### Exercise requirements
Of the material below, only the lines from the line containing "(Sx \<union> Sy)" down to the line containing "(\<lambda>b. if b \<in> Sx" belong in the answer, written out exactly.

### Extracted information
*** Block opens ***

lemma coord_eq: "x \<in> car C \<Longrightarrow> is_coords x c \<Longrightarrow> coord x = c"
  using is_coords_coord is_coords_unique by blast

lemma coord_lincomb:
  assumes "finite S" "S \<subseteq> base"
  shows "coord (lincomb S c) = (\<lambda>b. if b \<in> S then c b else 0)"
  using coord_eq[OF _ is_coords_lincomb[OF assms]] assms base_car by auto

lemma coord_finite: "x \<in> car C \<Longrightarrow> finite {b. coord x b \<noteq> 0}"
  using is_coords_coord unfolding is_coords_def by blast

lemma coord_base: "x \<in> car C \<Longrightarrow> coord x b \<noteq> 0 \<Longrightarrow> b \<in> base"
  using is_coords_coord unfolding is_coords_def by blast

lemma lincomb_coord: "x \<in> car C \<Longrightarrow> x = lincomb {b. coord x b \<noteq> 0} (coord x)"
  using is_coords_coord unfolding is_coords_def by blast

lemma coord_add:
  assumes x: "x \<in> car C" and y: "y \<in> car C"
  shows "coord (add C x y) = (\<lambda>b. coord x b + coord y b)"
proof -
  define Sx where "Sx = {b. coord x b \<noteq> 0}"
  define Sy where "Sy = {b. coord y b \<noteq> 0}"
  have S: "finite Sx" "finite Sy" "Sx \<union> Sy \<subseteq> base"
    using x y coord_finite coord_base unfolding Sx_def Sy_def by auto
  have "add C x y = add C (lincomb Sx (coord x)) (lincomb Sy (coord y))"
    using lincomb_coord[OF x] lincomb_coord[OF y] unfolding Sx_def Sy_def by simp
  also have "\<dots> = lincomb (Sx \<union> Sy)
      (\<lambda>v. (if v \<in> Sx then coord x v else 0) + (if v \<in> Sy then coord y v else 0))"
    using S base_car by (intro lincomb_add_Un) auto
  finally have "coord (add C x y) =
      (\<lambda>b. if b \<in> Sx \<union> Sy then (if b \<in> Sx then coord x b else 0) + (if b \<in> Sy then coord y b else 0) else 0)"
    using coord_lincomb[OF _ S(3)] S(1,2) by simp
  then show ?thesis
    unfolding Sx_def Sy_def by (auto simp: fun_eq_iff)
qed
lemma gfc_eq_0: "n < l \<Longrightarrow> gfc n l \<sigma> = 0"
proof (induction n arbitrary: l)
  case 0
  then show ?case by (simp add: gfc_0_left)
next
  case (Suc n)
  then obtain l' where "l = Suc l'" "n < l'" by (cases l) auto
  then show ?case using Suc.IH by (simp add: gfc_Suc_Suc)
qed

lemma gfc_nonneg:
  assumes "0 \<le> \<sigma>" "\<sigma> \<le> 1"
  shows "0 \<le> gfc n l \<sigma>"
proof (induction n arbitrary: l)
  case 0
  then show ?case by (cases l) (simp_all add: gfc_0_left)
next
  case (Suc n)
  show ?case
  proof (cases l)
    case 0
    then show ?thesis by (simp add: gfc_0_right)
  next
    case (Suc l')
    have "0 \<le> (real n - real l * \<sigma>) * gfc n l \<sigma>"
    proof (cases "l \<le> n")
      case True
      then have "real l * \<sigma> \<le> real n"
        using assms mult_mono[of "real l" "real n" \<sigma> 1] by simp
      then show ?thesis using Suc.IH by simp
    qed (simp add: gfc_eq_0)
    then show ?thesis using Suc.IH assms \<open>l = Suc l'\<close> by (simp add: gfc_Suc_Suc)
  qed
qed

lemma split_parts_bsize:
  assumes A: "A \<in> ord_parts n k" and B: "B \<in> split_parts n k A"
  obtains q where "q \<in> {1..k}" "2 \<le> bsize n A q" "bsize n A q \<le> n"
    "bsize n B q = bsize n A q - 1" "bsize n B (Suc k) = 1"
    "\<And>i. i \<in> {1..k} - {q} \<Longrightarrow> bsize n B i = bsize n A i"
proof -
  obtain j where j: "j \<in> {1..n}" and q2: "2 \<le> bsize n A (A j)" and B_eq: "B = A(j := k + 1)"
    using B unfolding split_parts_def by auto
  have A_range: "A i \<in> {1..k}" if "i \<in> {1..n}" for i
    using A that unfolding ord_parts_def by auto
  define q where "q = A j"
  have q: "q \<in> {1..k}" using A_range[OF j] unfolding q_def .
  have "{i\<in>{1..n}. B i = q} = {i\<in>{1..n}. A i = q} - {j}"
    using q unfolding B_eq by auto
  then have "bsize n B q = bsize n A q - 1"
    unfolding bsize_def using j by (simp add: q_def card_Diff_singleton)
  moreover have "{i\<in>{1..n}. B i = Suc k} = {j}"
    using j A_range unfolding B_eq by force
  then have "bsize n B (Suc k) = 1" unfolding bsize_def by simp
  moreover have "bsize n B i = bsize n A i" if "i \<in> {1..k} - {q}" for i
  proof -
    have "{i'\<in>{1..n}. B i' = i} = {i'\<in>{1..n}. A i' = i}"
      using that q_def unfolding B_eq by auto
    then show ?thesis unfolding bsize_def by simp
  qed
  moreover have "bsize n A q \<le> n"
    unfolding bsize_def by (metis (no_types, lifting) card_atLeastAtMost card_mono diff_Suc_1
        finite_atLeastAtMost mem_Collect_eq subsetI)
  ultimately show ?thesis using that q q2 unfolding q_def by blast
qed

lemma finite_ord_parts: "finite (ord_parts n k)"
proof (rule finite_subset)
  show "ord_parts n k \<subseteq> {f. \<forall>x. (x \<in> {1..n} \<longrightarrow> f x \<in> {1..k}) \<and> (x \<notin> {1..n} \<longrightarrow> f x = 0)}"
    unfolding ord_parts_def by auto
  show "finite {f. \<forall>x. (x \<in> {1..n} \<longrightarrow> f x \<in> {1..k}) \<and> (x \<notin> {1..n} \<longrightarrow> f x = (0::nat))}"
    by (rule finite_set_of_finite_funs) auto
qed
(* Under the hypotheses and notation of the setting below (restriction $r=\sigma^{\mathrm{ASY}}\mathbf 1$, Assumptions A, B, C), let $(y_1^\infty,\dots,y_N^\infty)$ be the limit of the allocation vectors and $(\rho_i^\infty,\xi_i^\infty,x_i^\infty)$ a lex-optimal solution of (P3) with $y_i^\infty$ in place of $y_i^t$. Then $$\sum_{i=1}^N c_i^\top x_i^\infty - J^{\mathrm{MILP}}\le \sum_{s=1}^{S+1}\big(c_{i_s}^\top x_{i_s}^\infty - p_{i_s}(y_{i_s}^\infty)\big)+\frac{\sigma^{\mathrm{ASY}}}{\zeta_{\hat z}}\sum_{i=1}^N\big(c_i^\top\hat z_i - p_i(y_i^\infty)\big),$$ where $J^{\mathrm{MILP}}$ is the optimal cost of the MILP, $(\hat z_1,\dots,\hat z_N)$ is a Slater point as in Assumption C, and $i_1,i_2,\dots$ enumerate the (at most $S+1$) agents $i$ for which $z_i^\infty\notin X_i$, with $z_i^\infty$ the local optimal solution of the subproblem defining $p_i(y_i^\infty)$ (the first sum runs over these agents only).
   Context: Data: for each $i\in\{1,\dots,N\}$, $c_i\in\mathbb{R}^{n_i}$, $A_i\in\mathbb{R}^{S\times n_i}$ (rows $A_i^s$), nonempty compact $X_i=\{x_i\in\mathbb{Z}^{Z_i}\times\mathbb{R}^{R_i}:D_ix_i\preceq d_i\}$; $b\in\mathbb{R}^S$ with components $b_s$. $\preceq$ is componentwise, $\mathbf 1$ the all-ones vector. MILP: minimize $\sum_ic_i^\top x_i$ s.t. $\sum_iA_ix_i\preceq b$, $x_i\in X_i$ (assumed feasible). Restricted LP (LP$_r$): minimize $\sum_ic_i^\top z_i$ s.t. $\sum_iA_iz_i\preceq b-r$, $z_i\in\mathrm{conv}(X_i)$. $p_i(y_i)$: optimal value of minimize $c_i^\top z_i$ s.t. $A_iz_i\preceq y_i$, $z_i\in\mathrm{conv}(X_i)$. Restriction: $L_i^s=\min_{x_i\in X_i}A_i^sx_i$; $(x_i^L,\tilde\ell_i)$ optimal for minimize $\ell_i$ over $x_i\in X_i,\ell_i\in\mathbb{R}$ s.t. $A_ix_i-L_i\preceq\ell_i\mathbf 1$; $\sigma^{\mathrm{ASY}}=(S+1)\max_i\max_s(A_i^sx_i^L-L_i^s)$; here $r=\sigma^{\mathrm{ASY}}\mathbf 1$. Assumption A: (LP$_r$) is feasible with unique optimal solution. Assumption B: step-sizes $\alpha^t\ge0$, $\sum_t\alpha^t=\infty$, $\sum_t(\alpha^t)^2<\infty$. Assumption C (Slater): there exist $\hat z_i\in\mathrm{conv}(X_i)$ with $\zeta_{\hat z}:=\min_s\big(b_s-r_s-\sum_iA_i^s\hat z_i\big)>0$. Algorithm over a connected undirected graph with neighbor sets $\mathcal N_i$, parameter $M>0$ sufficiently large, initialization $\sum_iy_i^0=b-r$. At each $t$, agent $i$: (P1) computes a primal-dual optimal pair $((z_i^t,v_i^t),\mu_i^t)$ of: minimize $c_i^\top z_i+Mv_i$ over $z_i\in\mathrm{conv}(X_i)$, $v_i\ge0$, s.t. $A_iz_i\preceq y_i^t+v_i\mathbf 1$ ($\mu_i^t$ the multiplier of this constraint); (P2) $y_i^{t+1}=y_i^t+\alpha^t\sum_{j\in\mathcal N_i}(\mu_i^t-\mu_j^t)$; (P3) lexicographic problem: minimize lexicographically $(\rho_i,\xi_i)$ over $x_i\in X_i,\rho_i\ge0,\xi_i$ s.t. $c_i^\top x_i\le\xi_i$, $A_ix_i\preceq y_i^t+\rho_i\mathbf 1$ (first minimize $\rho_i$, then $c_i^\top x_i$ with $\rho_i$ fixed at its minimum). The allocation sequence converges to $(y_1^\infty,\dots,y_N^\infty)$. *)

theory Defs
  imports "HOL-Analysis.Analysis"
begin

*** Block closes ***

### Answer
  also have "\<dots> = lincomb (Sx \<union> Sy)
      (\<lambda>v. (if v \<in> Sx then coord x v else 0) + (if v \<in> Sy then coord y v else 0))"
    using S base_car by (intro lincomb_add_Un) auto
  finally have "coord (add C x y) =
      (\<lambda>b. if b \<in> Sx \<union> Sy then (if b \<in> Sx then coord x b else 0) + (if b \<in> Sy then coord y b else 0) else 0)"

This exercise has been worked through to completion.